- Brief: Starting from the first line below, repeat the data exactly through to the last.

- Material provided:
lemma two_eq_0_if_CHAR_2: "CHAR('a::semiring_1) = 2 \<Longrightarrow> (2::'a) = 0"
  by (metis of_nat_CHAR of_nat_numeral)

lemma add_eq_0_iff_eq_CHAR_2:
  fixes a b :: "'a::ring_1"
  assumes "CHAR('a) = 2"
  shows "a + b = 0 \<longleftrightarrow> a = b"
  using minus_CHAR_2[OF assms, of a b] by (metis eq_iff_diff_eq_0)

lemma square_add_CHAR_2:
  fixes a b :: "'a::comm_semiring_1"
  assumes "CHAR('a) = 2"
  shows "(a + b)^2 = a^2 + b^2"
  by (rule freshmans_dream) (simp_all add: assms)

lemma square_eq_1_CHAR_2:
  fixes a :: "'a::idom"
  assumes "CHAR('a) = 2" "a^2 = 1"
  shows "a = 1"
proof -
  have "(a + 1)^2 = 0"
    using assms square_add_CHAR_2[OF assms(1), of a 1] two_eq_0_if_CHAR_2[OF assms(1)] by simp
  then show ?thesis
    using add_eq_0_iff_eq_CHAR_2[OF assms(1)] by simp
qed

lemma cube_root_of_unity_CHAR_2:
  fixes w :: "'a::idom"
  assumes "CHAR('a) = 2" "w^2 + w + 1 = 0"
  shows "w^2 = w + 1" "(z + w) * (z + w^2) = z^2 + z + 1"
proof -
  have "w^2 + (w + 1) = 0"
    using assms(2) by (simp add: add.assoc)
  then show "w^2 = w + 1"
    using add_eq_0_iff_eq_CHAR_2[OF assms(1)] by blast
  then have "w + w^2 = 1"
    using two_eq_0_if_CHAR_2[OF assms(1)] by (simp add: add.assoc flip: mult_2)
  moreover have "w^3 = 1"
    using assms(2) power3_eq_1_iff by blast
  moreover have "(z + w) * (z + w^2) = z^2 + (w + w^2) * z + w^3"
    by (simp add: algebra_simps power2_eq_square power3_eq_cube)
  ultimately show "(z + w) * (z + w^2) = z^2 + z + 1"
    by simp
qed

lemma cube_root_partner_CHAR_2:
  fixes w x :: "'a::field"
  assumes char: "CHAR('a) = 2" and w: "w^2 + w + 1 = 0" and "x \<noteq> 0" "x \<noteq> w" "x \<noteq> w^2"
  defines "y \<equiv> w^2 * (x + w) / (x + w^2)"
  shows "(x + inverse x + 1) * (y + inverse y + 1) = 1"
proof -
  have two: "(2::'a) = 0"
    using two_eq_0_if_CHAR_2[OF char] .
  have w_sq: "w^2 = w + 1" and w_cube: "w^3 = 1"
    using cube_root_of_unity_CHAR_2[OF char w] w power3_eq_1_iff[of w] by auto
  have phi: "z + inverse z + 1 = (z + w) * (z + w^2) / z" if "z \<noteq> 0" for z
    using that cube_root_of_unity_CHAR_2(2)[OF char w, of z] by (simp add: field_simps power2_eq_square)
  have "x + w \<noteq> 0" "x + w^2 \<noteq> 0"
    using assms(4,5) add_eq_0_iff_eq_CHAR_2[OF char] by auto
  have "y + w = x / (x + w^2)"
  proof -
    have "w^2 * (x + w) + w * (x + w^2) = (2 * w + 1) * x + 2 * w^3"
      using w_sq by (simp add: algebra_simps power2_eq_square power3_eq_cube)
    then show ?thesis
      using two \<open>x + w^2 \<noteq> 0\<close> by (simp add: y_def field_simps)
  qed
  moreover have "y + w^2 = w^2 / (x + w^2)"
  proof -
    have "w^2 * (x + w) + w^2 * (x + w^2) = 2 * w^2 * x + w^3 * (w + 1)"
      by (simp add: algebra_simps power2_eq_square power3_eq_cube)
    then show ?thesis
      using w_cube w_sq two \<open>x + w^2 \<noteq> 0\<close> by (simp add: y_def field_simps)
  qed
  moreover have "y \<noteq> 0" "w \<noteq> 0"
    using \<open>x + w \<noteq> 0\<close> \<open>x + w^2 \<noteq> 0\<close> w_cube by (auto simp: y_def)
  ultimately have "(x + inverse x + 1) * (y + inverse y + 1)
      = ((x + w) * (x + w^2) / x) * ((x / (x + w^2)) * (w^2 / (x + w^2)) / (w^2 * (x + w) / (x + w^2)))"
    using phi[of x] phi[of y] \<open>x \<noteq> 0\<close> by (simp add: y_def[symmetric])
  also have "\<dots> = 1"
    using \<open>x \<noteq> 0\<close> \<open>w \<noteq> 0\<close> \<open>x + w \<noteq> 0\<close> \<open>x + w^2 \<noteq> 0\<close> by (simp add: divide_simps)
  finally show ?thesis .
qed

lemma quintic_factorization_CHAR_2:
  fixes x y u :: "'a::field"
  assumes "CHAR('a) = 2" "x \<noteq> 0" "y \<noteq> 0"
    and rel: "(x + inverse x + 1) * (y + inverse y + 1) = 1"
  defines "c \<equiv> x + inverse x + y + inverse y + 1"
  shows "u^5 + c * u^4 + c * u + 1 = (u + 1) * (u + x) * (u + inverse x) * (u + y) * (u + inverse y)"
proof -
  define s t where "s = x + inverse x" and "t = y + inverse y"
  have "(u + x) * (u + inverse x) = u^2 + s * u + 1" "(u + y) * (u + inverse y) = u^2 + t * u + 1"
    using assms(2,3) by (simp_all add: s_def t_def algebra_simps power2_eq_square)
  moreover have "(u + 1) * (u^2 + s * u + 1) * (u^2 + t * u + 1)
      = u^5 + (s + t + 1) * u^4 + (s + t + 1) * u + 1 + ((s + 1) * (t + 1) + 1) * (u^3 + u^2)"
    by (simp add: algebra_simps power2_eq_square power3_eq_cube eval_nat_numeral)
  moreover have "(s + 1) * (t + 1) + 1 = 0"
    using rel two_eq_0_if_CHAR_2[OF assms(1)] by (simp add: s_def t_def)
  ultimately show ?thesis
    by (simp add: c_def s_def t_def mult.assoc add.assoc)
qed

- Written answer:
lemma two_eq_0_if_CHAR_2: "CHAR('a::semiring_1) = 2 \<Longrightarrow> (2::'a) = 0"
  by (metis of_nat_CHAR of_nat_numeral)

lemma add_eq_0_iff_eq_CHAR_2:
  fixes a b :: "'a::ring_1"
  assumes "CHAR('a) = 2"
  shows "a + b = 0 \<longleftrightarrow> a = b"
  using minus_CHAR_2[OF assms, of a b] by (metis eq_iff_diff_eq_0)

lemma square_add_CHAR_2:
  fixes a b :: "'a::comm_semiring_1"
  assumes "CHAR('a) = 2"
  shows "(a + b)^2 = a^2 + b^2"
  by (rule freshmans_dream) (simp_all add: assms)

lemma square_eq_1_CHAR_2:
  fixes a :: "'a::idom"
  assumes "CHAR('a) = 2" "a^2 = 1"
  shows "a = 1"
proof -
  have "(a + 1)^2 = 0"
    using assms square_add_CHAR_2[OF assms(1), of a 1] two_eq_0_if_CHAR_2[OF assms(1)] by simp
  then show ?thesis
    using add_eq_0_iff_eq_CHAR_2[OF assms(1)] by simp
qed

lemma cube_root_of_unity_CHAR_2:
  fixes w :: "'a::idom"
  assumes "CHAR('a) = 2" "w^2 + w + 1 = 0"
  shows "w^2 = w + 1" "(z + w) * (z + w^2) = z^2 + z + 1"
proof -
  have "w^2 + (w + 1) = 0"
    using assms(2) by (simp add: add.assoc)
  then show "w^2 = w + 1"
    using add_eq_0_iff_eq_CHAR_2[OF assms(1)] by blast
  then have "w + w^2 = 1"
    using two_eq_0_if_CHAR_2[OF assms(1)] by (simp add: add.assoc flip: mult_2)
  moreover have "w^3 = 1"
    using assms(2) power3_eq_1_iff by blast
  moreover have "(z + w) * (z + w^2) = z^2 + (w + w^2) * z + w^3"
    by (simp add: algebra_simps power2_eq_square power3_eq_cube)
  ultimately show "(z + w) * (z + w^2) = z^2 + z + 1"
    by simp
qed

lemma cube_root_partner_CHAR_2:
  fixes w x :: "'a::field"
  assumes char: "CHAR('a) = 2" and w: "w^2 + w + 1 = 0" and "x \<noteq> 0" "x \<noteq> w" "x \<noteq> w^2"
  defines "y \<equiv> w^2 * (x + w) / (x + w^2)"
  shows "(x + inverse x + 1) * (y + inverse y + 1) = 1"
proof -
  have two: "(2::'a) = 0"
    using two_eq_0_if_CHAR_2[OF char] .
  have w_sq: "w^2 = w + 1" and w_cube: "w^3 = 1"
    using cube_root_of_unity_CHAR_2[OF char w] w power3_eq_1_iff[of w] by auto
  have phi: "z + inverse z + 1 = (z + w) * (z + w^2) / z" if "z \<noteq> 0" for z
    using that cube_root_of_unity_CHAR_2(2)[OF char w, of z] by (simp add: field_simps power2_eq_square)
  have "x + w \<noteq> 0" "x + w^2 \<noteq> 0"
    using assms(4,5) add_eq_0_iff_eq_CHAR_2[OF char] by auto
  have "y + w = x / (x + w^2)"
  proof -
    have "w^2 * (x + w) + w * (x + w^2) = (2 * w + 1) * x + 2 * w^3"
      using w_sq by (simp add: algebra_simps power2_eq_square power3_eq_cube)
    then show ?thesis
      using two \<open>x + w^2 \<noteq> 0\<close> by (simp add: y_def field_simps)
  qed
  moreover have "y + w^2 = w^2 / (x + w^2)"
  proof -
    have "w^2 * (x + w) + w^2 * (x + w^2) = 2 * w^2 * x + w^3 * (w + 1)"
      by (simp add: algebra_simps power2_eq_square power3_eq_cube)
    then show ?thesis
      using w_cube w_sq two \<open>x + w^2 \<noteq> 0\<close> by (simp add: y_def field_simps)
  qed
  moreover have "y \<noteq> 0" "w \<noteq> 0"
    using \<open>x + w \<noteq> 0\<close> \<open>x + w^2 \<noteq> 0\<close> w_cube by (auto simp: y_def)
  ultimately have "(x + inverse x + 1) * (y + inverse y + 1)
      = ((x + w) * (x + w^2) / x) * ((x / (x + w^2)) * (w^2 / (x + w^2)) / (w^2 * (x + w) / (x + w^2)))"
    using phi[of x] phi[of y] \<open>x \<noteq> 0\<close> by (simp add: y_def[symmetric])
  also have "\<dots> = 1"
    using \<open>x \<noteq> 0\<close> \<open>w \<noteq> 0\<close> \<open>x + w \<noteq> 0\<close> \<open>x + w^2 \<noteq> 0\<close> by (simp add: divide_simps)
  finally show ?thesis .
qed

lemma quintic_factorization_CHAR_2:
  fixes x y u :: "'a::field"
  assumes "CHAR('a) = 2" "x \<noteq> 0" "y \<noteq> 0"
    and rel: "(x + inverse x + 1) * (y + inverse y + 1) = 1"
  defines "c \<equiv> x + inverse x + y + inverse y + 1"
  shows "u^5 + c * u^4 + c * u + 1 = (u + 1) * (u + x) * (u + inverse x) * (u + y) * (u + inverse y)"
proof -
  define s t where "s = x + inverse x" and "t = y + inverse y"
  have "(u + x) * (u + inverse x) = u^2 + s * u + 1" "(u + y) * (u + inverse y) = u^2 + t * u + 1"
    using assms(2,3) by (simp_all add: s_def t_def algebra_simps power2_eq_square)
  moreover have "(u + 1) * (u^2 + s * u + 1) * (u^2 + t * u + 1)
      = u^5 + (s + t + 1) * u^4 + (s + t + 1) * u + 1 + ((s + 1) * (t + 1) + 1) * (u^3 + u^2)"
    by (simp add: algebra_simps power2_eq_square power3_eq_cube eval_nat_numeral)
  moreover have "(s + 1) * (t + 1) + 1 = 0"
    using rel two_eq_0_if_CHAR_2[OF assms(1)] by (simp add: s_def t_def)
  ultimately show ?thesis
    by (simp add: c_def s_def t_def mult.assoc add.assoc)
qed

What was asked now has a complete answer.